Task description:
Reproduce verbatim the line where "d)) has_derivative (\<lambda>h." occurs, along with all following lines down to the last line of the data.

Task material:

(* Let $\{\alpha^k_{\mathbf y}\}_{k\ge0}$ satisfy $\alpha^k_{\mathbf y}\in[\underline{\alpha}_{\mathbf y},\overline{\alpha}_{\mathbf y}]\subset(0,2/L_f)$ for all $k$, and for each $K\ge1$ let $(\mathbf x_K,\mathbf z_K)\in\arg\min_{\mathbf x\in\mathcal X,\mathbf z\in\mathcal Y}\varphi_K(\mathbf x,\mathbf z)$ (assumed to exist). Then: (1) every limit point $\bar{\mathbf x}$ of $\{\mathbf x_K\}$ satisfies $\bar{\mathbf x}\in\arg\min_{\mathbf x\in\mathcal X}\varphi(\mathbf x)$; (2) $\inf_{\mathbf x\in\mathcal X,\mathbf z\in\mathcal Y}\varphi_K(\mathbf x,\mathbf z)\to\inf_{\mathbf x\in\mathcal X}\varphi(\mathbf x)$ as $K\to\infty$.
   Context: Let $F,f:\mathbb R^n\times\mathbb R^m\to\mathbb R$ and $\mathcal X\subset\mathbb R^n$, $\mathcal Y\subset\mathbb R^m$. Assumptions: (i) $F$ and $f$ are continuous; (ii) $f$ is differentiable, $\nabla f$ is continuous, and there is $L_f>0$ such that for every $\mathbf x\in\mathcal X$ the map $\mathbf y\mapsto\nabla_{\mathbf y}f(\mathbf x,\mathbf y)$ is $L_f$-Lipschitz; (iii) $\mathcal X$ and $\mathcal Y$ are nonempty convex compact sets; (iv) $\mathcal S(\mathbf x):=\arg\min_{\mathbf y\in\mathcal Y}f(\mathbf x,\mathbf y)$ is nonempty for every $\mathbf x\in\mathcal X$; (v) for any $(\bar{\mathbf x},\bar{\mathbf y})$ minimizing $F(\mathbf x,\mathbf y)$ over the constraints $\mathbf x\in\mathcal X$, $\mathbf y\in\mathcal Y$, $\mathbf y\in\hat{\mathcal S}(\mathbf x)$, it holds that $\bar{\mathbf y}\in\mathcal S(\bar{\mathbf x})$. $\mathtt{Proj}_{\mathcal Y}$ denotes Euclidean projection onto $\mathcal Y$. The set of lower-level stationary points is $\hat{\mathcal S}(\mathbf x):=\{\mathbf y\in\mathcal Y: 0\in\nabla_{\mathbf y}f(\mathbf x,\mathbf y)+\mathcal N_{\mathcal Y}(\mathbf y)\}$, where $\mathcal N_{\mathcal Y}(\mathbf y)$ is the normal cone of $\mathcal Y$ at $\mathbf y$. Define $\varphi(\mathbf x):=\inf_{\mathbf y\in\mathcal S(\mathbf x)}F(\mathbf x,\mathbf y)$. Given step sizes $\{\alpha^k_{\mathbf y}\}$, for $\mathbf x\in\mathcal X$, $\mathbf z\in\mathcal Y$ define $\mathbf y_0(\mathbf x,\mathbf z)=\mathbf z$ and $\mathbf y_{k+1}(\mathbf x,\mathbf z)=\mathtt{Proj}_{\mathcal Y}\big(\mathbf y_k(\mathbf x,\mathbf z)-\alpha^k_{\mathbf y}\nabla_{\mathbf y}f(\mathbf x,\mathbf y_k(\mathbf x,\mathbf z))\big)$ for $k\ge0$. For $K\ge1$ define $\varphi_K(\mathbf x,\mathbf z):=\max_{1\le k\le K}F(\mathbf x,\mathbf y_k(\mathbf x,\mathbf z))$. *)

theory Defs
  imports "HOL-Analysis.Analysis"
begin

text \<open>The full gradient of f is a function grad, and the partial
gradient in y is the second component of grad.\<close>

definition normal_cone :: "'b::real_inner set \<Rightarrow> 'b \<Rightarrow> 'b set" where
  "normal_cone C y = {v. \<forall>z\<in>C. inner v (z - y) \<le> 0}"

definition LL_sol :: "('a \<times> 'b \<Rightarrow> real) \<Rightarrow> 'b set \<Rightarrow> 'a \<Rightarrow> 'b set" where
  "LL_sol f Y x = {y \<in> Y. \<forall>y'\<in>Y. f (x, y) \<le> f (x, y')}"

definition LL_stat :: "('a \<times> 'b \<Rightarrow> 'a \<times> 'b) \<Rightarrow> 'b::real_inner set \<Rightarrow> 'a \<Rightarrow> 'b set" where
  "LL_stat grad Y x = {y \<in> Y. \<exists>v\<in>normal_cone Y y. snd (grad (x, y)) + v = 0}"

primrec pgd_iter :: "'b::euclidean_space set \<Rightarrow> ('a \<times> 'b \<Rightarrow> 'a \<times> 'b) \<Rightarrow> (nat \<Rightarrow> real)
    \<Rightarrow> 'a \<Rightarrow> 'b \<Rightarrow> nat \<Rightarrow> 'b" where
  "pgd_iter Y grad alpha x z 0 = z"
| "pgd_iter Y grad alpha x z (Suc k) =
     closest_point Y (pgd_iter Y grad alpha x z k
                      - alpha k *\<^sub>R snd (grad (x, pgd_iter Y grad alpha x z k)))"

definition phi :: "('a \<times> 'b \<Rightarrow> real) \<Rightarrow> ('a \<times> 'b \<Rightarrow> real) \<Rightarrow> 'b set \<Rightarrow> 'a \<Rightarrow> real" where
  "phi F f Y x = Inf ((\<lambda>y. F (x, y)) ` LL_sol f Y x)"

definition phiK :: "('a \<times> 'b \<Rightarrow> real) \<Rightarrow> 'b::euclidean_space set \<Rightarrow> ('a \<times> 'b \<Rightarrow> 'a \<times> 'b)
    \<Rightarrow> (nat \<Rightarrow> real) \<Rightarrow> nat \<Rightarrow> 'a \<Rightarrow> 'b \<Rightarrow> real" where
  "phiK F Y grad alpha K x z = Max ((\<lambda>k. F (x, pgd_iter Y grad alpha x z k)) ` {1..K})"

end

theory Submission
  imports Defs "HOL-Real_Asymp.Real_Asymp"
begin

(* Along each projected gradient step the lower-level objective f(x, .) drops by at least
   c |y_{k+1} - y_k|^2 with c = 1/ahi - L_f/2 > 0, so among the first K steps started at
   (x_K, z_K) the shortest one, say the k-th, has squared length O(1/K). Started at a
   lower-level stationary point the iteration does not move, hence
   F(x_K, y_k) <= phi_K(x_K, z_K) <= F(x, y) for every stationary pair (x, y).
   A cluster point (xb, yb) of (x_K, y_k) is a fixed point of the continuous projected gradient
   map, i.e. stationary, and minimises F over all stationary pairs; assumption (v) makes yb
   lower-level optimal, so phi(xb) = F(xb, yb) = inf phi. Thus every subsequence of the optimal
   values of phi_K has a further subsequence converging to inf phi. *)

lemma GDERIV_along_line:
  fixes g :: "'a::real_inner \<Rightarrow> real"
  assumes "GDERIV g (y + t *\<^sub>R d) :> G"
  shows "((\<lambda>t. g (y + t *\<^sub>R d)) has_real_derivative inner G d) (at t)"
proof -
  have "((\<lambda>t. y + t *\<^sub>R d) has_derivative (\<lambda>h. h *\<^sub>R d)) (at t)"
    by (auto intro!: derivative_eq_intros)
  from diff_chain_at[OF this assms[unfolded gderiv_def]]
  have "((\<lambda>t. g (y + t *\<^sub>R d)) has_derivative (\<lambda>h. inner (h *\<^sub>R d) G)) (at t)"
    by (simp add: o_def)
  moreover have "(\<lambda>h. inner (h *\<^sub>R d) G) = (*) (inner G d)"
    by (rule ext) (simp add: inner_commute)
  ultimately show ?thesis
    unfolding has_field_derivative_def by simp
qed

lemma GDERIV_partial_snd:
  fixes f :: "'a::real_inner \<times> 'b::real_inner \<Rightarrow> real"
  assumes "GDERIV f (x, y) :> G"
  shows "GDERIV (\<lambda>y. f (x, y)) y :> snd G"
proof -
  have "((\<lambda>y. (x, y)) has_derivative (\<lambda>h. (0, h))) (at y)"
    by (auto intro!: derivative_eq_intros)
  from diff_chain_at[OF this assms[unfolded gderiv_def]]
  have "((\<lambda>y. f (x, y)) has_derivative (\<lambda>h. inner (0, h) G)) (at y)"
    by (simp add: o_def)
  moreover have "(\<lambda>h. inner (0, h) G) = (\<lambda>h. inner h (snd G))"
    by (cases G) simp
  ultimately show ?thesis
    unfolding gderiv_def by simp
qed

Task result:
  have "((\<lambda>t. g (y + t *\<^sub>R d)) has_derivative (\<lambda>h. inner (h *\<^sub>R d) G)) (at t)"
    by (simp add: o_def)
  moreover have "(\<lambda>h. inner (h *\<^sub>R d) G) = (*) (inner G d)"
    by (rule ext) (simp add: inner_commute)
  ultimately show ?thesis
    unfolding has_field_derivative_def by simp
qed

lemma GDERIV_partial_snd:
  fixes f :: "'a::real_inner \<times> 'b::real_inner \<Rightarrow> real"
  assumes "GDERIV f (x, y) :> G"
  shows "GDERIV (\<lambda>y. f (x, y)) y :> snd G"
proof -
  have "((\<lambda>y. (x, y)) has_derivative (\<lambda>h. (0, h))) (at y)"
    by (auto intro!: derivative_eq_intros)
  from diff_chain_at[OF this assms[unfolded gderiv_def]]
  have "((\<lambda>y. f (x, y)) has_derivative (\<lambda>h. inner (0, h) G)) (at y)"
    by (simp add: o_def)
  moreover have "(\<lambda>h. inner (0, h) G) = (\<lambda>h. inner h (snd G))"
    by (cases G) simp
  ultimately show ?thesis
    unfolding gderiv_def by simp
qed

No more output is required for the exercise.